Ireland’s economic future is being decided by events far beyond our shores, which we cannot influence, writes ELAINE BYRNE in the IRISH TIMES May 11 2010
DEMOCRACY IS a fragile thing. It becomes even more delicate when taken for granted. For many, the duty of citizenship to democratic action ends when a vote is cast at election time. In the period between the translation of individual choices into the formation of power, apathy and complacency captures public participation, and people just stop caring.
The ugliness of public debate matters too. People become tired of participating in something they no longer believe in. At no other point in Ireland’s history since independence has public trust and confidence in politics been so intensely low. The deep sense of public contempt for the political class has cannibalised the belief in the very possibility of political action. The perception that a country’s institutions are weak, ineffectual and illegitimate feeds into the destructive notion that politics is futile.

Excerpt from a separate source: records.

(* Let $\Gamma\subseteq\mathit{Aff}(2,\mathbb{H})$ be an abelian subgroup acting freely on $\mathbb{H}^2$. Then $\Gamma$ is conjugate in $\mathit{Aff}(2,\mathbb{H})$ either to a subgroup of the group of all matrices $\begin{pmatrix} 1&0&r\\ 0&d&0\\ 0&0&1\end{pmatrix}$ with $r,d\in\mathbb{H}$, $d\neq0$, or to a subgroup of the group of all matrices $\begin{pmatrix} 1&b&r\\ 0&1&s\\ 0&0&1\end{pmatrix}$ with $b,r,s\in\mathbb{H}$.
   Context: $\mathit{Aff}(2,\mathbb{H})$ is identified with invertible $3\times3$ quaternionic matrices $\begin{pmatrix} a&b&r\\ c&d&s\\ 0&0&1\end{pmatrix}$ acting on $(x,y)\in\mathbb{H}^2$ by $(x,y)\mapsto(ax+by+r,cx+dy+s)$. *)

theory Defs
  imports "HOL-Analysis.Analysis"
begin

datatype quat = Quat (Re: real) (Im1: real) (Im2: real) (Im3: real)

lemma quat_eqI [intro?]:
  "Re x = Re y \<Longrightarrow> Im1 x = Im1 y \<Longrightarrow> Im2 x = Im2 y \<Longrightarrow> Im3 x = Im3 y \<Longrightarrow> x = y"
  by (cases x, cases y) simp

instantiation quat :: ring_1
begin
definition "0 = Quat 0 0 0 0"
definition "1 = Quat 1 0 0 0"
definition "x + y = Quat (Re x + Re y) (Im1 x + Im1 y) (Im2 x + Im2 y) (Im3 x + Im3 y)"
definition "x - y = Quat (Re x - Re y) (Im1 x - Im1 y) (Im2 x - Im2 y) (Im3 x - Im3 y)"
definition "- x = Quat (- Re x) (- Im1 x) (- Im2 x) (- Im3 x)"
definition "x * y = Quat
   (Re x * Re y - Im1 x * Im1 y - Im2 x * Im2 y - Im3 x * Im3 y)
   (Re x * Im1 y + Im1 x * Re y + Im2 x * Im3 y - Im3 x * Im2 y)
   (Re x * Im2 y - Im1 x * Im3 y + Im2 x * Re y + Im3 x * Im1 y)
   (Re x * Im3 y + Im1 x * Im2 y - Im2 x * Im1 y + Im3 x * Re y)"
instance
  by standard (auto intro!: quat_eqI simp: zero_quat_def one_quat_def plus_quat_def
      minus_quat_def uminus_quat_def times_quat_def algebra_simps)
end

text \<open>An element of Aff(2,H) is the matrix ((a,b,r),(c,d,s),(0,0,1)) with quaternion
  entries, invertible as a 3x3 quaternionic matrix. We record the six entries.\<close>

record aff =
  ma :: quat  mb :: quat  mr :: quat
  mc :: quat  md :: quat  ms :: quat

text \<open>Matrix product of the 3x3 matrices ((a,b,r),(c,d,s),(0,0,1)).\<close>
definition aff_mul :: "aff \<Rightarrow> aff \<Rightarrow> aff" where
  "aff_mul g h =
    \<lparr> ma = ma g * ma h + mb g * mc h, mb = ma g * mb h + mb g * md h,
      mr = ma g * mr h + mb g * ms h + mr g,
      mc = mc g * ma h + md g * mc h, md = mc g * mb h + md g * md h,
      ms = mc g * mr h + md g * ms h + ms g \<rparr>"

definition aff_id :: aff where
  "aff_id = \<lparr> ma = 1, mb = 0, mr = 0, mc = 0, md = 1, ms = 0 \<rparr>"

definition Aff2H :: "aff set" where
  "Aff2H = {g. \<exists>h. aff_mul g h = aff_id \<and> aff_mul h g = aff_id}"

definition aff_apply :: "aff \<Rightarrow> quat \<times> quat \<Rightarrow> quat \<times> quat" where
  "aff_apply g p = (ma g * fst p + mb g * snd p + mr g, mc g * fst p + md g * snd p + ms g)"

definition is_subgroup_Aff :: "aff set \<Rightarrow> bool" where
  "is_subgroup_Aff G \<longleftrightarrow> G \<subseteq> Aff2H \<and> aff_id \<in> G \<and>
     (\<forall>g\<in>G. \<forall>h\<in>G. aff_mul g h \<in> G) \<and>
     (\<forall>g\<in>G. \<exists>h\<in>G. aff_mul g h = aff_id \<and> aff_mul h g = aff_id)"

Politicians, civil servants, academics, civil society and media commentators are struggling to grasp the complexity and nuances of the various policy decisions introduced since the onset of the economic crisis in October 2008. The bank guarantee, austere budgets, Nama, the McCarthy report, the Croke Park deal, the risk of sovereign default, the nationalisation and recapitalisation of our banking system, the deficit and the implications of Greek contagion just become one thing after another. This was particularly evident on March 30th, when Brian Lenihan announced in the Dáil a capital bailout of the main banks totalling some €32.8 billion, and an average haircut across the banking institutions of 47 per cent. Most people were stunned at the scale of the State’s liability to the banks. That day crept up on public discourse because many had simply stopped trying to understand how big the country’s economic problems were. Words like billion and trillion have quickly lost their meaning.
This disengagement was again evident in the public discussions on what the hell to do with the albatross that is Anglo Irish Bank. A balance sheet on what the losses to the taxpayer would be of winding up or keeping Anglo as a going concern has not yet been provided.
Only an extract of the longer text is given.